Цена явно не соответствует стоимости".
Что именно сейчас продается на аукционах, как на закрытых, так и на открытых, для Шелковникова не являлось тайной. Он был прекрасно осведомлен в ценах, знал тех, кто покупает, а самое главное, тех, кто продает произведения искусства, тех, кто торгует живописью, как легально, так и краденой.
"Были бы это, допустим, работы Фаберже – тогда понятно. А может, за всем этим стоит что-то другое – тщеславие, личные амбиции? Может быть, барон Отто фон Рунге кому-то что-то хочет доказать? В таком случае, интересно, кому и зачем? – Тут же Шелковников сам себя одернул:
– Какого черта я лезу в его баронские дела? Что мне с ним – детей крестить? Моя задача – вывезти картины на Запад и при этом обезопасить себя. Кстати, – мелькнула мысль, – картины обязательно нужно сфотографировать, затем созвониться с бароном. Никаких факсов посылать не стоит. Можно, конечно, связаться через Интернет… Да, пожалуй, это самый надежный способ".
Женщина, лежащая рядом с Шелковниковым, вздрогнула и дернула округлым белым плечом. Шелковников покосился на нее, затем бережно взял край одеяла и накрыл свою любовницу. Она сладко вздохнула и перевернулась на спину.
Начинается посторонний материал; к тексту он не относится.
lemma sum_trap_weight_mult:
  assumes "L > 0"
  shows "(\<Sum>i\<le>L. trap_weight L i * g i) = (\<Sum>i\<le>L. g i) - g 0 / 2 - g L / 2"
proof -
  have "(\<Sum>i\<le>L. trap_weight L i * g i)
      = (\<Sum>i\<le>L. g i - (if i = 0 then g 0 / 2 else 0) - (if i = L then g L / 2 else 0))"
    using assms by (intro sum.cong) (auto simp: trap_weight_def)
  also have "\<dots> = (\<Sum>i\<le>L. g i) - g 0 / 2 - g L / 2"
    by (simp add: sum_subtractf)
  finally show ?thesis .
qed

lemma sum_trap_weight: "L > 0 \<Longrightarrow> (\<Sum>i\<le>L. trap_weight L i) = real L"
  using sum_trap_weight_mult[of L "\<lambda>_. 1"] by simp

lemma sin_half_mult_sum_cos:
  "2 * sin (\<theta>/2) * (\<Sum>i\<le>K. cos (real i * \<theta>)) = sin ((real K + 1/2) * \<theta>) + sin (\<theta>/2)"
proof (induction K)
  case (Suc K)
  have "sin ((real (Suc K) + 1/2) * \<theta>) - sin ((real K + 1/2) * \<theta>) = 2 * sin (\<theta>/2) * cos (real (Suc K) * \<theta>)"
    using sin_add[of "real (Suc K) * \<theta>" "\<theta>/2"] sin_diff[of "real (Suc K) * \<theta>" "\<theta>/2"]
    by (simp add: algebra_simps)
  with Suc show ?case by (simp add: algebra_simps)
qed simp

lemma trap_sum_cos:
  assumes "L > 0" "m \<le> 2 * L"
  shows "(\<Sum>i\<le>L. trap_weight L i * cos (real i * real m * pi / real L))
       = (if m = 0 \<or> m = 2 * L then real L else 0)"
proof (cases "m = 0 \<or> m = 2 * L")
  case True
  then have "cos (real i * real m * pi / real L) = 1" for i
    using assms(1) cos_2npi[of i] by (auto simp: mult_ac)
  with True show ?thesis using sum_trap_weight[OF assms(1)] by simp
next
  case False
  define \<theta> where "\<theta> = real m * pi / real L"
  have "0 < \<theta>/2" "\<theta>/2 < pi"
    using False assms by (auto simp: \<theta>_def field_simps)
  then have sin_pos: "sin (\<theta>/2) > 0" by (rule sin_gt_zero)
  have "sin (real L * \<theta>) = 0"
    using assms(1) by (simp add: \<theta>_def)
  then have "2 * sin (\<theta>/2) * (\<Sum>i\<le>L. trap_weight L i * cos (real i * \<theta>)) = 0"
    using sin_half_mult_sum_cos[of \<theta> L] sin_add[of "real L * \<theta>" "\<theta>/2"] assms(1)
    by (simp add: sum_trap_weight_mult algebra_simps)
  then show ?thesis
    using False sin_pos by (simp add: \<theta>_def mult.assoc)
qed

lemma cheb_T_mult_cheb_T_cheb_pt:
  assumes "k \<le> j"
  shows "cheb_T j (cheb_pt L i) * cheb_T k (cheb_pt L i)
       = (cos (real i * real (j - k) * pi / real L) + cos (real i * real (j + k) * pi / real L)) / 2"
  using assms cos_times_cos[of "real i * real j * pi / real L" "real i * real k * pi / real L"]
  by (simp add: cheb_T_cheb_pt diff_divide_distrib add_divide_distrib algebra_simps)

lemma cheb_discrete_orthogonality:
  assumes "L > 0" "j \<le> L" "k \<le> L"
  shows "(\<Sum>i\<le>L. trap_weight L i * cheb_T j (cheb_pt L i) * cheb_T k (cheb_pt L i))
       = (if j = k then real L / (2 * trap_weight L j) else 0)"
proof -
  have ordered: "(\<Sum>i\<le>L. trap_weight L i * cheb_T j (cheb_pt L i) * cheb_T k (cheb_pt L i))
       = (if j = k then real L / (2 * trap_weight L j) else 0)" if "k \<le> j" "j \<le> L" for j k
  proof -
    have "(\<Sum>i\<le>L. trap_weight L i * cheb_T j (cheb_pt L i) * cheb_T k (cheb_pt L i))
        = (\<Sum>i\<le>L. (trap_weight L i * cos (real i * real (j - k) * pi / real L)
                  + trap_weight L i * cos (real i * real (j + k) * pi / real L)) / 2)"
      using cheb_T_mult_cheb_T_cheb_pt[OF that(1)]
      by (intro sum.cong refl) (simp only: mult.assoc, simp add: field_simps)
    also have "\<dots> = ((\<Sum>i\<le>L. trap_weight L i * cos (real i * real (j - k) * pi / real L))
          + (\<Sum>i\<le>L. trap_weight L i * cos (real i * real (j + k) * pi / real L))) / 2"
      by (simp add: sum.distrib flip: sum_divide_distrib)
    also have "\<dots> = ((if j - k = 0 \<or> j - k = 2 * L then real L else 0)
                      + (if j + k = 0 \<or> j + k = 2 * L then real L else 0)) / 2"
      using that by (subst (1 2) trap_sum_cos[OF assms(1)]) simp_all
    also have "\<dots> = (if j = k then real L / (2 * trap_weight L j) else 0)"
      using that by (auto simp: trap_weight_def)
    finally show ?thesis .
  qed
  show ?thesis
  proof (cases "k \<le> j")
    case False
    then have "j \<le> k" by simp
    have "(\<Sum>i\<le>L. trap_weight L i * cheb_T j (cheb_pt L i) * cheb_T k (cheb_pt L i))
        = (\<Sum>i\<le>L. trap_weight L i * cheb_T k (cheb_pt L i) * cheb_T j (cheb_pt L i))"
      by (simp only: ac_simps)
    also have "\<dots> = (if k = j then real L / (2 * trap_weight L k) else 0)"
      by (rule ordered[OF \<open>j \<le> k\<close> assms(3)])
    finally show ?thesis
      using False by auto
  qed (use ordered assms in blast)
qed

lemma trap_sum_cheb_expansion:
  assumes "L > 0" "m \<le> L" "k \<le> m"
  shows "(\<Sum>i\<le>L. trap_weight L i * cheb_T k (cheb_pt L i) * (\<Sum>j\<le>m. d j * cheb_T j (cheb_pt L i)))
       = d k * real L / (2 * trap_weight L k)"
proof -
  have "(\<Sum>i\<le>L. trap_weight L i * cheb_T k (cheb_pt L i) * (\<Sum>j\<le>m. d j * cheb_T j (cheb_pt L i)))
      = (\<Sum>j\<le>m. d j * (\<Sum>i\<le>L. trap_weight L i * cheb_T j (cheb_pt L i) * cheb_T k (cheb_pt L i)))"
    unfolding sum_distrib_left sum_distrib_right by (subst sum.swap) (simp add: mult_ac)
  also have "\<dots> = (\<Sum>j\<le>m. if j = k then d k * real L / (2 * trap_weight L k) else 0)"
    using assms by (intro sum.cong refl) (simp add: cheb_discrete_orthogonality)
  also have "\<dots> = d k * real L / (2 * trap_weight L k)"
    using assms(3) by simp
  finally show ?thesis .
qed

definition cheb_coeff :: "nat \<Rightarrow> (nat \<Rightarrow> real) \<Rightarrow> nat \<Rightarrow> real" where
  "cheb_coeff L y j = (if j \<le> L
     then 2 * trap_weight L j / real L * (\<Sum>i\<le>L. trap_weight L i * y i * cheb_T j (cheb_pt L i))
     else 0)"

lemma cheb_coeff_interpolates:
  assumes "L > 0" "l \<le> L"
  shows "(\<Sum>j\<le>L. cheb_coeff L y j * cheb_T j (cheb_pt L l)) = y l"
proof -
  have "(\<Sum>j\<le>L. cheb_coeff L y j * cheb_T j (cheb_pt L l))
      = (\<Sum>j\<le>L. \<Sum>i\<le>L. trap_weight L j * cheb_T l (cheb_pt L j)
                        * (2 * trap_weight L i * y i / real L * cheb_T i (cheb_pt L j)))"
    by (intro sum.cong refl)
      (simp add: cheb_coeff_def cheb_T_cheb_pt sum_distrib_left sum_distrib_right mult_ac)
  also have "\<dots> = (\<Sum>j\<le>L. trap_weight L j * cheb_T l (cheb_pt L j)
                        * (\<Sum>i\<le>L. 2 * trap_weight L i * y i / real L * cheb_T i (cheb_pt L j)))"
    by (simp add: sum_distrib_left)
  also have "\<dots> = y l"
    using trap_sum_cheb_expansion[OF assms(1) order_refl assms(2), of "\<lambda>i. 2 * trap_weight L i * y i / real L"]
      assms(1) by simp
  finally show ?thesis .
qed

lemma cheb_interp_unique:
  assumes "L > 0" "\<forall>i\<le>L. (\<Sum>j\<le>L. d j * cheb_T j (cheb_pt L i)) = 0" "k \<le> L"
  shows "d k = 0"
proof -
  have "d k * real L / (2 * trap_weight L k) = 0"
    using trap_sum_cheb_expansion[OF assms(1) order_refl assms(3), of d] assms(2) by simp
  then show ?thesis
    using assms(1) trap_weight_pos[of L k] by simp
qed

lemma cheb_interp_coeffs_eq:
  assumes "L > 0"
  shows "cheb_interp_coeffs L y = cheb_coeff L y"
  unfolding cheb_interp_coeffs_def
proof (rule the_equality)
  show "(\<forall>i\<le>L. (\<Sum>j\<le>L. cheb_coeff L y j * cheb_T j (cheb_pt L i)) = y i) \<and> (\<forall>j>L. cheb_coeff L y j = 0)"
    using cheb_coeff_interpolates[OF assms] by (simp add: cheb_coeff_def)
next
  fix c
  assume c: "(\<forall>i\<le>L. (\<Sum>j\<le>L. c j * cheb_T j (cheb_pt L i)) = y i) \<and> (\<forall>j>L. c j = 0)"
  have "c k = cheb_coeff L y k" for k
  proof (cases "k \<le> L")
    case True
    have "\<forall>i\<le>L. (\<Sum>j\<le>L. (c j - cheb_coeff L y j) * cheb_T j (cheb_pt L i)) = 0"
      using c cheb_coeff_interpolates[OF assms] by (simp add: left_diff_distrib sum_subtractf)
    from cheb_interp_unique[OF assms this True] show ?thesis by simp
  qed (use c in \<open>simp add: cheb_coeff_def\<close>)
  then show "c = cheb_coeff L y" ..
qed

definition trunc_weight :: "nat \<Rightarrow> nat \<Rightarrow> real \<Rightarrow> nat \<Rightarrow> real" where
  "trunc_weight L n x i =
     2 / real L * trap_weight L i * (\<Sum>j\<le>n. trap_weight L j * cheb_T j (cheb_pt L i) * cheb_T j x)"

lemma trunc_approx_eq_sum_weights:
  assumes "L > 0" "n \<le> L"
  shows "trunc_approx L n y x = (\<Sum>i\<le>L. y i * trunc_weight L n x i)"
proof -
  have "trunc_approx L n y x
      = (\<Sum>j\<le>n. \<Sum>i\<le>L. y i * (2 / real L * trap_weight L i * (trap_weight L j * cheb_T j (cheb_pt L i) * cheb_T j x)))"
    unfolding trunc_approx_def cheb_interp_coeffs_eq[OF assms(1)] using assms(2)
    by (intro sum.cong refl) (auto simp: cheb_coeff_def sum_distrib_left sum_distrib_right mult_ac)
  also have "\<dots> = (\<Sum>i\<le>L. y i * trunc_weight L n x i)"
    by (subst sum.swap) (simp add: trunc_weight_def sum_distrib_left)
  finally show ?thesis .
qed

lemma sum_cheb_expansion_mult_trunc_weight:
  assumes "L > 0" "n \<le> L"
  shows "(\<Sum>i\<le>L. (\<Sum>j\<le>n. a j * cheb_T j (cheb_pt L i)) * trunc_weight L n x i) = (\<Sum>j\<le>n. a j * cheb_T j x)"
proof -
  have "(\<Sum>i\<le>L. (\<Sum>j\<le>n. a j * cheb_T j (cheb_pt L i)) * trunc_weight L n x i)
      = (\<Sum>j\<le>n. 2 / real L * trap_weight L j * cheb_T j x
            * (\<Sum>i\<le>L. trap_weight L i * cheb_T j (cheb_pt L i) * (\<Sum>l\<le>n. a l * cheb_T l (cheb_pt L i))))"
    unfolding trunc_weight_def sum_distrib_left sum_distrib_right
    by (subst sum.swap) (simp add: mult_ac)
  also have "\<dots> = (\<Sum>j\<le>n. a j * cheb_T j x)"
    using assms trap_weight_pos by (intro sum.cong refl) (simp add: trap_sum_cheb_expansion)
  finally show ?thesis .
qed

lemma trap_sum_cheb_expansion_sq:
  assumes "L > 0" "n \<le> L"
  shows "(\<Sum>i\<le>L. trap_weight L i * (\<Sum>j\<le>n. a j * cheb_T j (cheb_pt L i))\<^sup>2)
       = (\<Sum>j\<le>n. (a j)\<^sup>2 * real L / (2 * trap_weight L j))"
proof -
  have "(\<Sum>i\<le>L. trap_weight L i * (\<Sum>j\<le>n. a j * cheb_T j (cheb_pt L i))\<^sup>2)
      = (\<Sum>k\<le>n. a k * (\<Sum>i\<le>L. trap_weight L i * cheb_T k (cheb_pt L i) * (\<Sum>j\<le>n. a j * cheb_T j (cheb_pt L i))))"
    unfolding power2_eq_square sum_distrib_left sum_distrib_right
    by (subst sum.swap) (simp add: mult_ac)
  also have "\<dots> = (\<Sum>k\<le>n. (a k)\<^sup>2 * real L / (2 * trap_weight L k))"
    using assms by (intro sum.cong refl) (simp add: trap_sum_cheb_expansion power2_eq_square)
  finally show ?thesis .
qed

lemma sum_trunc_weight_sq_div_le:
  assumes "L > 0" "n \<le> L" "\<bar>x\<bar> \<le> 1"
  shows "(\<Sum>i\<le>L. (trunc_weight L n x i)\<^sup>2 / trap_weight L i) \<le> 2 * (real n + 1) / real L"
proof -
  define a where "a j = trap_weight L j * cheb_T j x" for j
  have "(trunc_weight L n x i)\<^sup>2 / trap_weight L i
      = 4 / (real L)\<^sup>2 * (trap_weight L i * (\<Sum>j\<le>n. a j * cheb_T j (cheb_pt L i))\<^sup>2)" for i
    by (simp add: trunc_weight_def a_def power2_eq_square field_simps)
  then have "(\<Sum>i\<le>L. (trunc_weight L n x i)\<^sup>2 / trap_weight L i)
      = 4 / (real L)\<^sup>2 * (\<Sum>i\<le>L. trap_weight L i * (\<Sum>j\<le>n. a j * cheb_T j (cheb_pt L i))\<^sup>2)"
    by (simp only: sum_distrib_left)
  also have "\<dots> = 4 / (real L)\<^sup>2 * (\<Sum>j\<le>n. (a j)\<^sup>2 * real L / (2 * trap_weight L j))"
    by (simp only: trap_sum_cheb_expansion_sq[OF assms(1,2)])
  also have "\<dots> = 2 / real L * (\<Sum>j\<le>n. trap_weight L j * (cheb_T j x)\<^sup>2)"
    unfolding sum_distrib_left using assms(1)
    by (intro sum.cong refl) (simp add: a_def power2_eq_square field_simps)
  also have "\<dots> \<le> 2 / real L * (\<Sum>j\<le>n. 1)"
  proof (intro mult_left_mono sum_mono)
    fix j
    have "(cheb_T j x)\<^sup>2 \<le> 1"
      using abs_cheb_T_le_1[OF assms(3)] by (simp add: abs_square_le_1)
    then show "trap_weight L j * (cheb_T j x)\<^sup>2 \<le> 1"
      using trap_weight_le_1[of L j] trap_weight_pos[of L j] by (simp add: mult_le_one)
  qed simp
  finally show ?thesis by (simp add: algebra_simps)
qed

lemma sum_trunc_weight_sq_le:
  assumes "L > 0" "n \<le> L" "\<bar>x\<bar> \<le> 1"
  shows "(\<Sum>i\<le>L. (trunc_weight L n x i)\<^sup>2) \<le> 2 * (real n + 1) / real L"
proof -
  have "(trunc_weight L n x i)\<^sup>2 \<le> (trunc_weight L n x i)\<^sup>2 / trap_weight L i" for i
    using trap_weight_pos[of L i] trap_weight_le_1[of L i]
    by (simp add: le_divide_eq mult_left_le)
  then have "(\<Sum>i\<le>L. (trunc_weight L n x i)\<^sup>2) \<le> (\<Sum>i\<le>L. (trunc_weight L n x i)\<^sup>2 / trap_weight L i)"
    by (intro sum_mono)
  also have "\<dots> \<le> 2 * (real n + 1) / real L"
    by (rule sum_trunc_weight_sq_div_le[OF assms])
  finally show ?thesis .
qed

lemma sum_abs_trunc_weight_le:
  assumes "L > 0" "n \<le> L" "\<bar>x\<bar> \<le> 1"
  shows "(\<Sum>i\<le>L. \<bar>trunc_weight L n x i\<bar>) \<le> sqrt (2 * (real n + 1))"
proof -
  let ?w = "trunc_weight L n x"
  have "(\<Sum>i\<le>L. \<bar>?w i\<bar>)\<^sup>2 = (\<Sum>i\<le>L. (\<bar>?w i\<bar> / sqrt (trap_weight L i)) * sqrt (trap_weight L i))\<^sup>2"
    using trap_weight_pos by (simp add: less_imp_le)
  also have "\<dots> \<le> (\<Sum>i\<le>L. (\<bar>?w i\<bar> / sqrt (trap_weight L i))\<^sup>2) * (\<Sum>i\<le>L. (sqrt (trap_weight L i))\<^sup>2)"
    by (rule Cauchy_Schwarz_ineq_sum)
  also have "\<dots> = (\<Sum>i\<le>L. (?w i)\<^sup>2 / trap_weight L i) * real L"
    using trap_weight_pos sum_trap_weight[OF assms(1)] by (simp add: power_divide less_imp_le)
  also have "\<dots> \<le> 2 * (real n + 1) / real L * real L"
    using sum_trunc_weight_sq_div_le[OF assms] by (intro mult_right_mono) simp_all
  finally have "(\<Sum>i\<le>L. \<bar>?w i\<bar>)\<^sup>2 \<le> 2 * (real n + 1)"
    using assms(1) by simp
  then show ?thesis
    using real_le_rsqrt by blast
qed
Ее пухлые, ярко-красные даже без помады губы приоткрылись, веки чувственно вздрогнули.
«Хороша», – еще раз взглянув на свою подругу, подумал Шелковников.
И вдруг его охватило неодолимое желание. Он ближе придвинулся к Валентине, засопел и уткнулся подбородком в ее округлое плечо.
– Валентина…
Женщина попыталась отстраниться, но Павел Шелковников крепче прижал ее к себе.
– Не сейчас, не сейчас, – прошептала она, пытаясь повернуться на бок.
– Нет, сейчас, именно сейчас, – жарко зашептал ей в ухо отставной майор КГБ, отбрасывая на пол стеганое одеяло.
– Погоди же…
Валентина поняла, что любовнику приспичило, и его уже не унять. Поэтому она решила поступить как в старом анекдоте: расслабиться и попытаться получить удовольствие.
– Черт с тобой, давай.
– Вот так-то лучше.
– Только не так грубо, как в прошлый раз.
Ее руки обхватили Шелковникова, и он почувствовал, как острые ногти впиваются в его спину. Павел Павлович сладострастно вздохнул, попытался поймать губы Валентины широко открытым ртом.
Но Валентина отстранилась:
– Нет, нет, не целуй меня, – прошептала она. – Не хочу… Давай как всегда.
– Ах, как всегда? Ну что ж, ты сама этого хотела, – и Павел Шелковников быстро овладел женщиной.
Он не любил долго предаваться любовным утехам.